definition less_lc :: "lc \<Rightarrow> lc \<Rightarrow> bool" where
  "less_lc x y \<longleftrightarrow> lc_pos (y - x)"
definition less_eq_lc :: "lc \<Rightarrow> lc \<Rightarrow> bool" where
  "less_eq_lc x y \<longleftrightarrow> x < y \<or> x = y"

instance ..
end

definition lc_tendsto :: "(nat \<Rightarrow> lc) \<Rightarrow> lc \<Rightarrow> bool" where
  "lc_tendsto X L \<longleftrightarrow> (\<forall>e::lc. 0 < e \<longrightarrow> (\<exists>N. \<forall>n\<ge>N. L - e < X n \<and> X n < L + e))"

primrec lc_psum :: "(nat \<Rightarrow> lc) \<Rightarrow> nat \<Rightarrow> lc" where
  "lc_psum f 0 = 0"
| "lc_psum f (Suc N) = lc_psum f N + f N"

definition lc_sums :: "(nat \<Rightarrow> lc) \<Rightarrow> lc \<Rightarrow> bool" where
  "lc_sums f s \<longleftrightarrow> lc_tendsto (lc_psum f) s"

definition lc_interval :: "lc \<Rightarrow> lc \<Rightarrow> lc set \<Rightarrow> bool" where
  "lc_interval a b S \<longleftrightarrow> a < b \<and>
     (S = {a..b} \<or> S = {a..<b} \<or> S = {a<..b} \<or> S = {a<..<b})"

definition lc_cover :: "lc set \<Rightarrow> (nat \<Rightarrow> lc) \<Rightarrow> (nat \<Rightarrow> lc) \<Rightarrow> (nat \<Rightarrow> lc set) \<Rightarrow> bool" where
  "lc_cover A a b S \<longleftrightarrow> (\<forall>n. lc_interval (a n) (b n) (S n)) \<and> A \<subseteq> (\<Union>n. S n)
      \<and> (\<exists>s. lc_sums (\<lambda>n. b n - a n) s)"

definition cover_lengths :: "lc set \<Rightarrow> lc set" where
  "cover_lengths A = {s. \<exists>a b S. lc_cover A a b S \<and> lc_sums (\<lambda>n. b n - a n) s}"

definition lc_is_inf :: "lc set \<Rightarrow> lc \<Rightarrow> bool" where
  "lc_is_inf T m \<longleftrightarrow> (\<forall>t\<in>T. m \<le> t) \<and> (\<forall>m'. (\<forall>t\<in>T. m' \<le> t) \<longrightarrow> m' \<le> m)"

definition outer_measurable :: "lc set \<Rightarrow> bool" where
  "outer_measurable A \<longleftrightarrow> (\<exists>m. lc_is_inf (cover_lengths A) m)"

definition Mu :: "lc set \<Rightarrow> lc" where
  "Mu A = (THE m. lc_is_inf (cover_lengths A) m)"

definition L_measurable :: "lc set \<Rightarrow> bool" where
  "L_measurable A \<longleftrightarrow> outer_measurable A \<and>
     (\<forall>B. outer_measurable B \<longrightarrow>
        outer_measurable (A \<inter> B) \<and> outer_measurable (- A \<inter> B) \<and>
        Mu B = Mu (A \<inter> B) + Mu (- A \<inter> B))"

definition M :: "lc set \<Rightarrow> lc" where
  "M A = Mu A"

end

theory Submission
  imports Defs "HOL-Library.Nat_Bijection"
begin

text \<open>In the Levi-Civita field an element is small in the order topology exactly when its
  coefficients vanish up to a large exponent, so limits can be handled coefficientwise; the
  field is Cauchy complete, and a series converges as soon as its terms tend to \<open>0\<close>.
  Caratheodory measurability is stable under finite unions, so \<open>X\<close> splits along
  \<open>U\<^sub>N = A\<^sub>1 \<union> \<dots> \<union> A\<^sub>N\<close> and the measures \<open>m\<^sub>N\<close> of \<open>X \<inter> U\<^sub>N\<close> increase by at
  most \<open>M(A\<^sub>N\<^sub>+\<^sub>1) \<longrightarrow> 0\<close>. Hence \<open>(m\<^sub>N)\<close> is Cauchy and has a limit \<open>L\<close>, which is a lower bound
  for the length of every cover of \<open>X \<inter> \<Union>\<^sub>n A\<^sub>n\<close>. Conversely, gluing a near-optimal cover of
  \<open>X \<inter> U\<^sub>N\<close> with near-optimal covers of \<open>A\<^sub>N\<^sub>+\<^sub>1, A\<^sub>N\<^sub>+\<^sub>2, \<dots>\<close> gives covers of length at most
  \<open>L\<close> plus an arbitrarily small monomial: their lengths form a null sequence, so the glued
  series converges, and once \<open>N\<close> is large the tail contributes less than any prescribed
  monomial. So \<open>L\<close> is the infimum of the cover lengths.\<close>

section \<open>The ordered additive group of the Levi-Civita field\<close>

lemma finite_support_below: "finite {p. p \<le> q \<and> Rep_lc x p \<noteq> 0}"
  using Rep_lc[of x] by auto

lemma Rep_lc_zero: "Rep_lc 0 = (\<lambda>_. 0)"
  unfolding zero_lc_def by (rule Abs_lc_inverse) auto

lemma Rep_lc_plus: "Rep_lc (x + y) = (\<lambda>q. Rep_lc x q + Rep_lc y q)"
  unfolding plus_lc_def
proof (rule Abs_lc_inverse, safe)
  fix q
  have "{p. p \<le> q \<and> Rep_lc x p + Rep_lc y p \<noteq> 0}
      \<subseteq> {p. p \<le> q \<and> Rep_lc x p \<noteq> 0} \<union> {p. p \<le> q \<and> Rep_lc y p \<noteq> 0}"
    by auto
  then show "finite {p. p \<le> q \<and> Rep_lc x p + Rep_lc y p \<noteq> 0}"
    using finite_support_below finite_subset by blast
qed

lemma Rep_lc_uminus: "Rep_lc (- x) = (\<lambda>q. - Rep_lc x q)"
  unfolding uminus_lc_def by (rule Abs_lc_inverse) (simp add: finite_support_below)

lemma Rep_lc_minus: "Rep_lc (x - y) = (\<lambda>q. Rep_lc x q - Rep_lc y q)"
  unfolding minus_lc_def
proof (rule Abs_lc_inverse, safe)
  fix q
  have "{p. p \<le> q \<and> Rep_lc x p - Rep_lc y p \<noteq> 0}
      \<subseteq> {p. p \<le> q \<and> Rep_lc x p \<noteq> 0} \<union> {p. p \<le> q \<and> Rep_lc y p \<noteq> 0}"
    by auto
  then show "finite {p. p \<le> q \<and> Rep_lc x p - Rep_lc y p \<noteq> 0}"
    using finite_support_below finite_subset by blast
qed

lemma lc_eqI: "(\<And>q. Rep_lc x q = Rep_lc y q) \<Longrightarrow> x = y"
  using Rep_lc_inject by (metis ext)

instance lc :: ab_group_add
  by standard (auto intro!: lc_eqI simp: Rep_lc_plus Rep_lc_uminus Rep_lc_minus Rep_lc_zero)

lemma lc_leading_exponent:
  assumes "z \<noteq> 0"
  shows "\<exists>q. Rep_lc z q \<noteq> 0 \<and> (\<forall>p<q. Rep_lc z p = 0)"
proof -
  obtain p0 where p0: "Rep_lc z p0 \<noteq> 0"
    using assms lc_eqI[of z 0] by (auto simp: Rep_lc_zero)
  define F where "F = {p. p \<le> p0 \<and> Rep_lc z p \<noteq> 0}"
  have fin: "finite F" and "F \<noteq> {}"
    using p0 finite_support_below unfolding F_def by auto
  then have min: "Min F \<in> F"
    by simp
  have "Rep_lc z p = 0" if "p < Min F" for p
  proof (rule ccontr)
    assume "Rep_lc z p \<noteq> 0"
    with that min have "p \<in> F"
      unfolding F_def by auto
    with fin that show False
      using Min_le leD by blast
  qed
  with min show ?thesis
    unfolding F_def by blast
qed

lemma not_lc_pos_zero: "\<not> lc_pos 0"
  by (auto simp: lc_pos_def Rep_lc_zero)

--

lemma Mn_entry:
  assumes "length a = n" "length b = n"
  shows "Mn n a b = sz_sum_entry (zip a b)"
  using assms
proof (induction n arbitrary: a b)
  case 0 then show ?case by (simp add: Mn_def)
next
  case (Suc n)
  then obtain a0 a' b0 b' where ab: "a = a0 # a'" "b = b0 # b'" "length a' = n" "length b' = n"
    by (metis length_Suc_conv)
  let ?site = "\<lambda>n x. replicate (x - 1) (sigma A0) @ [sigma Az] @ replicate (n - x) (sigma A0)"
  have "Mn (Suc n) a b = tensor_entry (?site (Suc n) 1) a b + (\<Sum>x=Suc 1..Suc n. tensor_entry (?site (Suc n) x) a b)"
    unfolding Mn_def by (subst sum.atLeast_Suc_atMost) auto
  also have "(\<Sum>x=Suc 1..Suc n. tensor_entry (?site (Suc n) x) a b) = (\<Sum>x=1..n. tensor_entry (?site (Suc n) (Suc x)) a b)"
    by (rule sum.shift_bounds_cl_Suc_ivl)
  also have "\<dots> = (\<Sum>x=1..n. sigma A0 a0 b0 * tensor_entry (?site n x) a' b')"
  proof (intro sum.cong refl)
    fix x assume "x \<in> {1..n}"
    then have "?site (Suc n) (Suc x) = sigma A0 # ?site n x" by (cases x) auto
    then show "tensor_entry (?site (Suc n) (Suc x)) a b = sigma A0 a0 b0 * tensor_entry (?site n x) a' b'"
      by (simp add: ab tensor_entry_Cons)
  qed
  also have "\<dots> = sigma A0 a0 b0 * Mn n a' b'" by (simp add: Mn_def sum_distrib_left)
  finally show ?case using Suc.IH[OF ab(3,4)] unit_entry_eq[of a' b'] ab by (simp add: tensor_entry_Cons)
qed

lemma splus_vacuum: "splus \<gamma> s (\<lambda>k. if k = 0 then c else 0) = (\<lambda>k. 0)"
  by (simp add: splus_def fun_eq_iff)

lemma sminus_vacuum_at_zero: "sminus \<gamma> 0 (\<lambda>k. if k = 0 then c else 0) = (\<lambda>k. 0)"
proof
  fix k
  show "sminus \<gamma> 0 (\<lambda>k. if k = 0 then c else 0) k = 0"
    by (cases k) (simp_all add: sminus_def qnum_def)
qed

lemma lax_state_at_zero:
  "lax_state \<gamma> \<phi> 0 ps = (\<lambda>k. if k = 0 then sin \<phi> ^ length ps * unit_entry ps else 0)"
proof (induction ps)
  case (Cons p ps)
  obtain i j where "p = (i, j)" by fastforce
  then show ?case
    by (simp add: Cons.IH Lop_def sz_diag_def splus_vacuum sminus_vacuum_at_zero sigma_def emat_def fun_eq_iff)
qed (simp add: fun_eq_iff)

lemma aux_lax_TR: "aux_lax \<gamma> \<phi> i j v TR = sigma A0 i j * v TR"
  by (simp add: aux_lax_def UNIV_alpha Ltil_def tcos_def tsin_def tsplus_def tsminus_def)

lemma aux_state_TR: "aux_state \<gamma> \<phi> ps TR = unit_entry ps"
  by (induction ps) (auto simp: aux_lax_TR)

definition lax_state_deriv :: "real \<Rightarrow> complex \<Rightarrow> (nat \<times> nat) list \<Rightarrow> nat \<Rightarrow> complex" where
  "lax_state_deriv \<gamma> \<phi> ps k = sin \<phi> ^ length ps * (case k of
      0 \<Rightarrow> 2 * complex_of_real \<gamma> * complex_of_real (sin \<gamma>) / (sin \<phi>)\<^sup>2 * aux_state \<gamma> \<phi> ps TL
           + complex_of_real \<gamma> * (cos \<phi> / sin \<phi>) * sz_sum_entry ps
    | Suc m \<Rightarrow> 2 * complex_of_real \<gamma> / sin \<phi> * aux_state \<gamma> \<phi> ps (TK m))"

**Work required**:
Pick out every line of the listing containing the word "Civita", and show those lines.

**Reply**:
text \<open>In the Levi-Civita field an element is small in the order topology exactly when its
section \<open>The ordered additive group of the Levi-Civita field\<close>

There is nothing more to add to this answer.